Reporter: Ridwan Nanda Mulyana | Editor: Anna Suci Perwitasari
Namun, AP3I belum secara tegas menjamin para pelaku usaha smelter bisa segera menerapkan HPM sebagai acuan transaksi bijih nikel, meski pemerintah telah membentuk tim pengawas. Sebab, pelaku usaha smelter masih berharap adanya penyesuaian formula pada pengaturan tata niaga nikel ini,
"Tunggu adanya penyesuaian kecil formula," kata Prihadi tanpa menjelaskan penyesuaian formula yang diharapkan pelaku usaha smelter.
Adapun, HPM logam nikel yang tercantum dalam Permen ESDM No. 11/2020 merupakan harga batas bawah (floor price) yang harus ditaati oleh penambang dan smelter. Sekalipun harga transaksi lebih rendah dari HPM pada periode tertentu atau karena ada penalti atas mineral pengotor (impurties), penjualan dapat dilakukan di bawah HPM dengan selisih paling tinggi 3%.
Baca Juga: Tebitkan aturan, Menko Luhut bentuk tim kerja awasi harga nikel domestik
Untuk memastikan berlakunya HPM pada tata niaga nikel, pemerintah membentuk tim kerja pengawasan. Menteri Koordinator Bidang Kemaritiman dan Investasi (Menko Marves) Luhut Binsar Pandjaitan menerbitkan Keputusan Menko Marves Nomor 108 tahun 2020, pada 13 Agustus 2020.

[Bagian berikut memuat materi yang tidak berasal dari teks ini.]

definition cond_HE :: "real measure \<Rightarrow> real \<Rightarrow> real \<Rightarrow> bool" where
  "cond_HE G phid tau \<longleftrightarrow> tau \<ge> low_supp G \<and> tau - phid = cond_mean_below G tau
     \<and> (\<forall>tau'>tau. tau' - phid > cond_mean_below G tau')"

text \<open>Weak HE; the requirement tau \<ge> lowest support point is part of the conditional
  mean being defined.\<close>
definition cond_wHE :: "real measure \<Rightarrow> real \<Rightarrow> real \<Rightarrow> bool" where
  "cond_wHE G phid tau \<longleftrightarrow> tau \<ge> low_supp G \<and> tau - phid = cond_mean_below G tau
     \<and> (\<forall>tau'>tau. tau' - phid \<ge> cond_mean_below G tau')"

end

theory Submission
  imports Defs
begin
lemma interval_mult_pers_F_nonneg:
  assumes K: "finite K" and md: "morse_decomposition K \<V> P le M" and "set ps = P"
    and "1 \<le> a" "a \<le> b" "b \<le> length ps"
  shows "0 \<le> interval_mult (rank_invariant (simplicial_cc K) (\<lambda>i. \<Union>j<i. M (ps ! j)) (length ps) n) a b"
proof (rule interval_mult_rank_invariant_nonneg)
  show "mono (\<lambda>i. \<Union>j<i. M (ps ! j))"
    by (rule monoI) (metis UN_mono lessThan_subset_iff order.refl)
  have "(\<Union>j<length ps. M (ps ! j)) \<subseteq> K"
    using morse_decompositionD(1)[OF md] \<open>set ps = P\<close> nth_mem by blast
  then show "finite (\<Union>j<length ps. M (ps ! j))"
    using K finite_subset by blast
  show "\<forall>g\<in>\<Union>j<length ps. M (ps ! j). finite (bdry (simplicial_cc K) g)"
    using K by (simp add: simplicial_cc_def)
qed (use assms in simp_all)

lemma pers_F_compatible_orders_eq:
  assumes K: "finite K" and md: "morse_decomposition K \<V> P le M"
    and co: "compatible_order P le fP ps" and co': "compatible_order P le fP ps'"
  shows "pers_F K M fP ps = pers_F K M fP ps'"
proof
  fix n
  define m where "m = length ps"
  define val where "val = order_val fP ps"
  define r where "r qs = rank_invariant (simplicial_cc K) (\<lambda>i. \<Union>j<i. M (qs ! j)) m n" for qs
  have map_eq: "map fP ps = map fP ps'"
    by (rule compatible_orders_same_values[OF co co'])
  then have len: "length ps' = m"
    unfolding m_def by (metis length_map)
  have val': "order_val fP ps' = val"
    unfolding val_def using order_val_cong_map[OF map_eq] by simp
  have "rank_diagram (r ps) m val = rank_diagram (r ps') m val"
  proof (rule rank_diagram_eq_at_jumps)
    have "sorted (map fP ps)"
      using co by (simp add: compatible_order_def)
    then show "mono_on {1..m + 1} val"
      unfolding val_def by (rule mono_on_subset[OF order_val_mono]) auto
    show "val (m + 1) = \<infinity>"
      by (simp add: val_def order_val_def m_def)
    show "0 \<le> interval_mult (r ps) a b" "0 \<le> interval_mult (r ps') a b"
      if "1 \<le> a" "a \<le> b" "b \<le> m" for a b
      using interval_mult_pers_F_nonneg[OF K md, of ps a b n] interval_mult_pers_F_nonneg[OF K md, of ps' a b n]
        co co' that len by (simp_all add: r_def m_def compatible_order_def)
    show "r ps i j = r ps' i j"
      if "i \<le> j" "i = 0 \<or> val i < val (Suc i)" "j = 0 \<or> m < j \<or> val j < val (Suc j)" for i j
      using that UN_nth_eq_at_jump[OF co co', of _ M] by (auto simp: r_def rank_invariant_def val_def)
  qed
  then show "pers_F K M fP ps n = pers_F K M fP ps' n"
    by (simp add: pers_F_def pers_module_eq_rank_diagram r_def m_def val_def len val')
qed

theorem theorem4:
  fixes K :: "'v set set" and \<V> :: "'v set set set"
    and P :: "'p set" and le :: "'p \<Rightarrow> 'p \<Rightarrow> bool" and M :: "'p \<Rightarrow> 'v set set"
    and f :: "'v set \<Rightarrow> real" and fP :: "'p \<Rightarrow> real"
    and ps ps' :: "'p list"
    and Cb :: "('g, 'p) fcc" and Cb' :: "('h, 'p) fcc"
  assumes "simplicial_complex K"
    and "multivector_field K \<V>"
    and "morse_decomposition K \<V> P le M"
    and "lyapunov P le M f fP"
    and "compatible_order P le fP ps"
    and "compatible_order P le fP ps'"
    and "conley_complex P le (morse_cc K P M) Cb"
    and "conley_complex P le (morse_cc K P M) Cb'"
  shows "pers_filtered Cb fP ps = pers_F K M fP ps \<and>
         pers_F K M fP ps = pers_F K M fP ps' \<and>
         pers_F K M fP ps' = pers_filtered Cb' fP ps'"
proof -
  have K: "finite K"
    using assms(1) by (simp add: simplicial_complex_def)
  show ?thesis
    using pers_filtered_conley_complex_eq_pers_F[OF K assms(3,5,7)]
      pers_F_compatible_orders_eq[OF K assms(3,5,6)]
      pers_filtered_conley_complex_eq_pers_F[OF K assms(3,6,8)]
    by simp
qed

Beleid tersebut menyebutkan, tim kerja tersebut melakukan tugas teknis pengawasan terhadap transaksi jual beli bijih nikel antara pelaku usaha pertambangan dan smelter. Ada tujuh cakupan tugas dari tim kerja tersebut.
Pertama, memastikan harga yang digunakan dalam transaksi jual/beli bijih nikel sesuai dengan HPM. Kedua, memastikan bijih yang diperjualbelikan merupakan bijih yang ditambang dari wilayah IUP yang telah berstatus Clean and Clear serta sesuai dengan kontrak yang disepakati.
Ketiga, memberantas aktivitas traders yang merugikan bagi pelaku usaha pertambangan dan pengguna akhir bijih nikel. Keempat, memastikan perusahaan surveyor yang digunakan oleh pihak penjual dan pembeli bijih telah terdaftar di Kementerian/Lembaga, serta telah melaksanakan kegiatan usahanya sesuai standar dan ketentuan yang berlaku.
Kelima, memastikan perusahaan pertambangan menerapkan prinsip-prinsip pengelolaan tambang yang baik dalam wilayah IUP-nya sesuai dengan ketentuan yang berlaku, serta memastikan perusahaan pengolahan dan pemurnian melaksanakan manajemen kesehatan dan keselamatan kerja, pengelolaan lingkungan, serta perdagangan yang baik.
Keenam, memantau laporan kepatuhan atas Peraturan Menteri ESDM Nomor 11 Tahun 2020 yang disampaikan secara triwulanan oleh pelaku usaha pertambangan dan pelaku usaha pengolahan dan pemurnian. Ketujuh, memberikan rekomendasi kepada Kementerian dan Lembaga berwenang untuk memberikan sanksi terhadap pihak yang melanggar.
Baca Juga: Pemerintah bentuk Satgas Pelaksana HPM nikel, begini tanggapan AP3I
Merujuk pada lampiran beleid tersebut, pengarah tim kerja terdiri dari pimpinan kementerian dan lembaga terkait. Yakni Menko Marves, Menteri ESDM, Menteri Perindustrian, Menteri Perdagangan, Menteri Keuangan, dan Kepala Badan Koordinasi Penanaman Modal (BKPM).
Sedangkan ketua tim kerja pelaksana adalah Deputi Bidang Koordinasi Investasi dan Pertambangan Kemenko Marves. Wakil Ketua tim ini terdiri dari Direktur Jenderal (Dirjen) Minerba Kementerian ESDM; Dirjen Industri Logam, Mesin, Alat Transportasi dan Elektronika Kemenperin; Dirjen Ketahanan, perwilayahan, dan akses industri internasional Kemenperin; Dirjen Perlindungan konsumen dan tertib niaga Kemendag; Dirjen Bea dan Cukai Kemenkeu; dan Deputi Bidang Promosi penanaman modal BKPM.
Sedangkan anggotanya terdiri dari pihak Kemenko Marves (10 perwakilan), Kementerian ESDM (10 perwakilan), Kemenperin (6 perwakilan), Kementerian perdagangan (3 perwakilan), Kemenkeu (4 perwakilan) dan BKPM (6 perwakilan).